Records shown:

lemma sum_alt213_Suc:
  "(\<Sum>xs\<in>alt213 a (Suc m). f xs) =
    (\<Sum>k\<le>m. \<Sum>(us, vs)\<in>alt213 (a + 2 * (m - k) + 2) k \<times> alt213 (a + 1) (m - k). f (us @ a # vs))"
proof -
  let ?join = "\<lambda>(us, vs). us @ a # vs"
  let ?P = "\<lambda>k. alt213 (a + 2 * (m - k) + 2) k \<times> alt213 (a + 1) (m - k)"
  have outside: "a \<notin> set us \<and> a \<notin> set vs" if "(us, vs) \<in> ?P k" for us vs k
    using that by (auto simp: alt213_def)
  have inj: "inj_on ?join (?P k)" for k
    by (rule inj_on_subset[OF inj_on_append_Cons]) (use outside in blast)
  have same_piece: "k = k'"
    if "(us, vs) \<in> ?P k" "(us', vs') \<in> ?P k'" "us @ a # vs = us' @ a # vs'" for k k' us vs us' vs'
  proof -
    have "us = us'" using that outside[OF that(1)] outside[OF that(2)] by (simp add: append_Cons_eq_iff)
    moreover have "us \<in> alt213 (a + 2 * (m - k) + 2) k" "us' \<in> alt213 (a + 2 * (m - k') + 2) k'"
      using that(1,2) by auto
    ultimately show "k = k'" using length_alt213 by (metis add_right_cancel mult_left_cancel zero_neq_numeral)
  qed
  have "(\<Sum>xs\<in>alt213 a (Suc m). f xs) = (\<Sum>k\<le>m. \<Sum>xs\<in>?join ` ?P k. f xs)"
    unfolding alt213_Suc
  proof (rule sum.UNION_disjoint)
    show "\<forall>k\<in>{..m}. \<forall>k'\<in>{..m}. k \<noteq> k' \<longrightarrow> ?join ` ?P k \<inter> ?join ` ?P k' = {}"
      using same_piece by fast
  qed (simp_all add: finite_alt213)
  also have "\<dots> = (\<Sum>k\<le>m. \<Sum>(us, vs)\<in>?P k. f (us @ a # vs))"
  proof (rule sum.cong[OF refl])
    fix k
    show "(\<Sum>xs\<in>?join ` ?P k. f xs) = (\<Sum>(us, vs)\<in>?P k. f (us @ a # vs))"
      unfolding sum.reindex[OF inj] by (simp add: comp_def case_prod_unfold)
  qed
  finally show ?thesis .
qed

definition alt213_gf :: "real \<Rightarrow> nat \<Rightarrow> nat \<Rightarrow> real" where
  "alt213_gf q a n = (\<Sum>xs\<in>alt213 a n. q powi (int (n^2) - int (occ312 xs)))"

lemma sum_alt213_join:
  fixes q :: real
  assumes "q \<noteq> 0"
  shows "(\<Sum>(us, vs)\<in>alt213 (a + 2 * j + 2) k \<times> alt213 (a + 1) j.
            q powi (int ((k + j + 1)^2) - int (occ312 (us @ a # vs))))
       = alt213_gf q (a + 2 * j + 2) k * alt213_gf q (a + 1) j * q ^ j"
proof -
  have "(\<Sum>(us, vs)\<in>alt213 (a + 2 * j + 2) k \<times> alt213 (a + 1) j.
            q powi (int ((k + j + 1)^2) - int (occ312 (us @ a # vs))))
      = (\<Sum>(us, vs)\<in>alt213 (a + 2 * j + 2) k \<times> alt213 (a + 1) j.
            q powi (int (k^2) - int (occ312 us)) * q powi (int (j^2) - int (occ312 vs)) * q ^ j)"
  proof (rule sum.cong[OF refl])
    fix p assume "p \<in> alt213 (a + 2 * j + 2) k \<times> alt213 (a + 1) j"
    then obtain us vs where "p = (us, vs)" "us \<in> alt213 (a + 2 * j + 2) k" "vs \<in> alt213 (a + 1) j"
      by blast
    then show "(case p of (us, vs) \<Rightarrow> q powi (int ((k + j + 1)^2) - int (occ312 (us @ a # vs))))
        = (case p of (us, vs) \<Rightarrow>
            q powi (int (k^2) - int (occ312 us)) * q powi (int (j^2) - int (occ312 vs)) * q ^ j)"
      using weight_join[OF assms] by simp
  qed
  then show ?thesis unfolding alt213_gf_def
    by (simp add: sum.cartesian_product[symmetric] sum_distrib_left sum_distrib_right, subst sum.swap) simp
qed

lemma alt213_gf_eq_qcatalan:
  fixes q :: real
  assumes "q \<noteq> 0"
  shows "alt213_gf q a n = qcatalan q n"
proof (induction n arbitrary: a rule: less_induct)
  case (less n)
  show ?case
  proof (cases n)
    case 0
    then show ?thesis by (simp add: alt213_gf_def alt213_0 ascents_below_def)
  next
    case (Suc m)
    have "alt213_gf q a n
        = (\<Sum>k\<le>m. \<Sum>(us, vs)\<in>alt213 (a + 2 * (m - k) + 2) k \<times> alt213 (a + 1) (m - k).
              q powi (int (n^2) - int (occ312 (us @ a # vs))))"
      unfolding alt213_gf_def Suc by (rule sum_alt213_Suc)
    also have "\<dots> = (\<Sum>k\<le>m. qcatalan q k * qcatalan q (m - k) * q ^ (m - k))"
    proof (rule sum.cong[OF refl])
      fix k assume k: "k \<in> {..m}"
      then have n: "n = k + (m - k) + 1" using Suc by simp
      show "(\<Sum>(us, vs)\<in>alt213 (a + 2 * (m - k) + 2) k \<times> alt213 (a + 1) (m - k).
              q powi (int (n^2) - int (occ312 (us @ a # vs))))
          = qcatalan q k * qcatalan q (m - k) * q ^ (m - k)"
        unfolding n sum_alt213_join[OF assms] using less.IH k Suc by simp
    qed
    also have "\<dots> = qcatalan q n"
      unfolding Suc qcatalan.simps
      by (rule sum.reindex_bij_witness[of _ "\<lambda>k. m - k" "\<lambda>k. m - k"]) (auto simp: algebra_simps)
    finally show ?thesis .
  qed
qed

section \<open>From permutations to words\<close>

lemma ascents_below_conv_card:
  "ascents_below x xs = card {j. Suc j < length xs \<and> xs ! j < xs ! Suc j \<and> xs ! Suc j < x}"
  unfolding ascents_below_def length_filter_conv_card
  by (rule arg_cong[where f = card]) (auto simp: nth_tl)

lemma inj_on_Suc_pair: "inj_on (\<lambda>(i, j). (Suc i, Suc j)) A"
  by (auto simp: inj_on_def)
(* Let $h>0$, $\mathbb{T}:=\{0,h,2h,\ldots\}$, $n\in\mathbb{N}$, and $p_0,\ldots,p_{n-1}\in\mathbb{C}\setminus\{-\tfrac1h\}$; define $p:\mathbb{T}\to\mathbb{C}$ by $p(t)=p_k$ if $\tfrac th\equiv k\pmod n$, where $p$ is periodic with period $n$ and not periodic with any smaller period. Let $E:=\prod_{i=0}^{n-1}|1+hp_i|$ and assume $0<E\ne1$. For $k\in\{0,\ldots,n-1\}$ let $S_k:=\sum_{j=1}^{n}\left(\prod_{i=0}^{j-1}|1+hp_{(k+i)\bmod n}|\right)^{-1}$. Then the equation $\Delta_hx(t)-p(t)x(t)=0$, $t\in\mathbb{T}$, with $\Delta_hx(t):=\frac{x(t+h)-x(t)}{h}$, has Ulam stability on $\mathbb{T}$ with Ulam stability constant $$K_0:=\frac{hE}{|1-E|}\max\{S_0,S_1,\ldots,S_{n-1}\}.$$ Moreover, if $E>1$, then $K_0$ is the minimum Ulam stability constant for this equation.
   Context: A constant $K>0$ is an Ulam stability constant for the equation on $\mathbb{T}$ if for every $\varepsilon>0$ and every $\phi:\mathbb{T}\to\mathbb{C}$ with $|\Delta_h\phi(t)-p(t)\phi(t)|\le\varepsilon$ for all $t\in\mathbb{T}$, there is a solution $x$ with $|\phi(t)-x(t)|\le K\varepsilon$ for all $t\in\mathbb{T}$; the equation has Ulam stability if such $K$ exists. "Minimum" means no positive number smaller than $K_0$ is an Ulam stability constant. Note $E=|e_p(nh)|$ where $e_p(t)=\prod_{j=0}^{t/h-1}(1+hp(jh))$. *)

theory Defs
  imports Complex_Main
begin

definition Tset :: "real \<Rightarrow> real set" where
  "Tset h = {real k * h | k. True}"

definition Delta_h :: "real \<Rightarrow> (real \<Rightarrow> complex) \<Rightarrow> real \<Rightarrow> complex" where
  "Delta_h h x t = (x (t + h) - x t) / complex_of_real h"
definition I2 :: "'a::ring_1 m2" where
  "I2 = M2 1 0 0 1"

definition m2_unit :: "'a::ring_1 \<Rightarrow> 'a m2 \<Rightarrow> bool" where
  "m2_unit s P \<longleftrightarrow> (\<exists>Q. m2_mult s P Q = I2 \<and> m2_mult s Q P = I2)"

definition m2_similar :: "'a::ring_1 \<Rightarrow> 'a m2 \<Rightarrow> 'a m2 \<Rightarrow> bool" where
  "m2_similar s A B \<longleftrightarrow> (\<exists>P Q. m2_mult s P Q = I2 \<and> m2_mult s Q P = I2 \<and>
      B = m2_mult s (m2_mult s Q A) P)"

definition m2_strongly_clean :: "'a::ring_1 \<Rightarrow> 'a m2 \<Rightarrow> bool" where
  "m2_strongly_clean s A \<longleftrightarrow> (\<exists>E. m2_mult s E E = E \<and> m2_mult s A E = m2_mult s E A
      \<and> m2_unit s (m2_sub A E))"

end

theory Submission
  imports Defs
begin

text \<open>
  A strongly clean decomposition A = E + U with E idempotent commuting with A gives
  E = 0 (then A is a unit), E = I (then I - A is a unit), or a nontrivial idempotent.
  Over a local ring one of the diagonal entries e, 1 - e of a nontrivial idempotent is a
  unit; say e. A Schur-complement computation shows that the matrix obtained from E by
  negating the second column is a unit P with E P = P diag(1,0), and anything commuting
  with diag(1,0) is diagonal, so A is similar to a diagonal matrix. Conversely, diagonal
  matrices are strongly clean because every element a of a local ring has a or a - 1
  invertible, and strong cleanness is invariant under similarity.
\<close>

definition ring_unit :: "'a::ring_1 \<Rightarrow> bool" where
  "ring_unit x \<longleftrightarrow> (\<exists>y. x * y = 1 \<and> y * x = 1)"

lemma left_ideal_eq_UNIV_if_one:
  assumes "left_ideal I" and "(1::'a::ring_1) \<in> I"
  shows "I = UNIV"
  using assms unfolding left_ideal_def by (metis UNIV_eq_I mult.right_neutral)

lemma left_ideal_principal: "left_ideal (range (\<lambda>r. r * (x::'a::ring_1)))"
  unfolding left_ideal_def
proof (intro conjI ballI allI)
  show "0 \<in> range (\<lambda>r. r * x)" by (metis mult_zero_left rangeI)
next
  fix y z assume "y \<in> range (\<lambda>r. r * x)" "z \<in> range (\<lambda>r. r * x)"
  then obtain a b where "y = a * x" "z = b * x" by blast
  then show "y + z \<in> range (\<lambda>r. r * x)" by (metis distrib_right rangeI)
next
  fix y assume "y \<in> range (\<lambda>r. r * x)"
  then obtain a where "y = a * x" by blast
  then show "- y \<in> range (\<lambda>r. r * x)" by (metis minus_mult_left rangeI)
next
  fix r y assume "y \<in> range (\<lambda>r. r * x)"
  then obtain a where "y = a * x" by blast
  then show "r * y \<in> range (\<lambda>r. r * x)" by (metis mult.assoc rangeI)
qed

Task details: Find all lines in the records that hold the word "assms". Copy them.

Solved problem:
      using weight_join[OF assms] by simp
        unfolding n sum_alt213_join[OF assms] using less.IH k Suc by simp
  using assms unfolding left_ideal_def by (metis UNIV_eq_I mult.right_neutral)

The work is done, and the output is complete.